'''

(* Let $f(\mathbf{x})=\mathbf{x}^{T}A\mathbf{x}+b^{T}\mathbf{x}+1$ with $A\in\mathbb{R}^{n\times n}$ symmetric and $b\in\mathbb{R}^n$. Then there exist $k\ge1$ and real diagonal $k\times k$ matrices $A_1,\dots,A_n$ with $f(\mathbf{x})=\det(I_k+x_1A_1+\dots+x_nA_n)$ if and only if $A-\frac14bb^{T}$ is negative semidefinite and $\operatorname{rank}(A-\frac14bb^{T})\le 1$. *)

theory Defs
  imports "HOL-Analysis.Analysis" "Jordan_Normal_Form.Determinant"
begin

definition neg_semidef :: "real^'n^'n \<Rightarrow> bool" where
  "neg_semidef M \<longleftrightarrow> (\<forall>x. x \<bullet> (M *v x) \<le> 0)"

definition pencil :: "nat \<Rightarrow> ('n::finite \<Rightarrow> real Matrix.mat) \<Rightarrow> real^'n \<Rightarrow> real Matrix.mat" where
  "pencil k Ad x = Matrix.mat k k (\<lambda>(r,c). (if r = c then 1 else 0) + (\<Sum>i\<in>UNIV. x $ i * (Ad i $$ (r,c))))"

end

theory Submission
  imports Defs "HOL-Computational_Algebra.Polynomial"
begin

text \<open>
  The pencil is diagonal, so its determinant is a product of affine factors \<open>1 + w\<^sub>r \<bullet> x\<close>.
  Along a line \<open>t y\<close> in general position every nonzero \<open>w\<^sub>r\<close> contributes a root, while
  \<open>f(t y)\<close> has degree at most two; hence at most two factors are nonconstant and
  \<open>f(x) = (1 + p \<bullet> x)(1 + q \<bullet> x)\<close>. Comparing \<open>f(x)\<close> with \<open>f(-x)\<close> gives \<open>b = p + q\<close> and
  \<open>x\<^sup>T A x = (p \<bullet> x)(q \<bullet> x)\<close>, so the quadratic form of \<open>A - bb\<^sup>T/4\<close> is \<open>-(v \<bullet> x)\<^sup>2\<close> with
  \<open>v = (p - q)/2\<close>. For symmetric matrices this says exactly \<open>A - bb\<^sup>T/4 = -vv\<^sup>T\<close>, i.e. negative
  semidefinite of rank at most one; conversely \<open>p, q = b/2 \<plusminus> v\<close> give a \<open>2 \<times> 2\<close> pencil.
\<close>

context
begin

no_notation Matrix.vec_index (infixl "$" 100)
no_notation Matrix.scalar_prod (infix "\<bullet>" 70)

definition vec_outer :: "real^'n \<Rightarrow> real^'n \<Rightarrow> real^'n^'n" where
  "vec_outer u v = (\<chi> i j. u$i * v$j)"

lemma transpose_diff: "transpose (A - B) = transpose A - transpose (B :: 'a::ab_group_add^'n^'m)"
  by (simp add: Finite_Cartesian_Product.transpose_def Finite_Cartesian_Product.vec_eq_iff)

lemma transpose_vec_outer: "transpose (vec_outer u v) = vec_outer v u"
  by (simp add: vec_outer_def Finite_Cartesian_Product.transpose_def Finite_Cartesian_Product.vec_eq_iff mult.commute)

lemma quadratic_form_vec_outer: "x \<bullet> (vec_outer u v *v x) = (u \<bullet> x) * (v \<bullet> x)"
proof -
  have "vec_outer u v *v x = (v \<bullet> x) *\<^sub>R u"
    by (simp add: vec_outer_def Finite_Cartesian_Product.vec_eq_iff matrix_vector_mult_def inner_vec_def
        sum_distrib_left mult_ac)
  then show ?thesis by (simp add: inner_commute)
qed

'''

Problem requirements: Search the data above for the word "definition" and show every line that has it.

Response:
definition neg_semidef :: "real^'n^'n \<Rightarrow> bool" where
definition pencil :: "nat \<Rightarrow> ('n::finite \<Rightarrow> real Matrix.mat) \<Rightarrow> real^'n \<Rightarrow> real Matrix.mat" where
definition vec_outer :: "real^'n \<Rightarrow> real^'n \<Rightarrow> real^'n^'n" where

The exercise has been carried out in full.